In 1919, Date came under the Governor-General of Korea, Saitō Makoto. He traveled to Korea and became the chief of the border guard in Uiju County. In 1923, he raided a base of armed Koreans.

In 1929, he made a pact of brotherhood with Fengtian clique warlord Zhang Zongchang, leading to Date renaming himself Zhang Zongyuan and trying to integrate into Chinese society, changing his nationality to Chinese in 1931. He commanded the Kenkoku Dainigun. On July 27, 1935, Date tried to support a coup in Beijing, but failed.

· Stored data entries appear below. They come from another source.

theorem mainTheorem7:
  fixes V :: "'a set" and E :: "'a set set"
  assumes "simple_graph V E"
    and "connected_graph V E"
    and "\<exists>C1 C2. is_cycle E C1 \<and> is_cycle E C2 \<and> C1 \<noteq> C2"
    and "cat_num V E = 3"
  shows "card V = 6 \<and>
    (\<exists>a b c x y z. distinct [a, b, c, x, y, z] \<and> V = {a, b, c, x, y, z} \<and>
       E = {{a, b}, {b, c}, {a, c}, {x, y}, {y, z}, {x, z}, {a, x}})"
proof -
  have cat: "cat_at_most E 3"
    using cat_at_most_if_cat_num_le[OF assms(1)] assms(4) by simp
  obtain vs ws where C: "cycle E vs" and D: "cycle E ws"
    and new_edge: "\<not> cycle_edges ws \<subseteq> cycle_edges vs"
  proof -
    from assms(3) obtain C1 C2 where C12: "is_cycle E C1" "is_cycle E C2" "C1 \<noteq> C2"
      by blast
    obtain vs where vs: "cycle E vs" "C1 = cycle_edges vs"
      using C12(1) by (rule cycle_if_is_cycle)
    obtain ws where ws: "cycle E ws" "C2 = cycle_edges ws"
      using C12(2) by (rule cycle_if_is_cycle)
    show thesis
    proof (cases "cycle_edges ws \<subseteq> cycle_edges vs")
      case True
      with C12(3) vs(2) ws(2) have "\<not> cycle_edges vs \<subseteq> cycle_edges ws"
        by blast
      with ws(1) vs(1) show thesis
        by (rule that)
    next
      case False
      with vs(1) ws(1) show thesis
        by (rule that)
    qed
  qed
  have "set vs \<inter> set ws = {}"
  proof (rule ccontr)
    assume "set vs \<inter> set ws \<noteq> {}"
    with C D new_edge obtain x ys t where "ear E vs x ys t"
      by (rule cycle_ear)
    with cat C show False
      by (rule no_ear)
  qed
  then obtain a b c x y z where d: "distinct [a, b, c, x, y, z]"
    and E: "{a, b} \<in> E" "{b, c} \<in> E" "{c, a} \<in> E" "{x, y} \<in> E" "{y, z} \<in> E" "{z, x} \<in> E"
      "{a, x} \<in> E"
    by (rule disjoint_cycles_two_triangles[OF assms(1,2) cat C D])
  have VE: "V = {a, b, c, x, y, z} \<and> E = {{a, b}, {b, c}, {a, c}, {x, y}, {y, z}, {x, z}, {a, x}}"
    by (rule graph_eq_two_triangles_joined_by_edge[OF assms(1,2) cat d E])
  then have "card V = 6"
    using distinct_card[OF d] by simp
  with d VE show ?thesis
    by blast
qed

end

==Second Sino-Japanese War==
He was a firm believer in the autonomy or independence of the Manchu, Mongol, and Lu (Han Chinese people from Shandong) peoples. He led 4,000 troops from Manchuria to Shandong in 1937, using his connections to transfer himself to Shandong. He took over Jinan and used it as his headquarters as the "King" of Shandong. He advised many bandit units in the Jehol campaign. He created the Shandong Autonomy Allied Army in 1938 under the orders of General Terauchi Hisaichi. In late January 1939, he led a massacre in Ye County (today known as Laizhou), killing around 400 people. This was known as the Yexian (Ye County) Incident, and led to the dissolution of Date's unit in 1940. In 1945, Date tried to organize a unit called the Zhang Zongyuan Unit, but his attempt was unsuccessful and the unit failed quickly.

After the surrender of Japan at the end of World War II, Date was arrested for war crimes. He was held in the Qingdao Detention Center and moved to the Shanghai Temporary War Criminal Detention Center. He was sentenced to death, and Date was moved to Shanghai Prison, where he was executed by firing squad on September 9, 1948.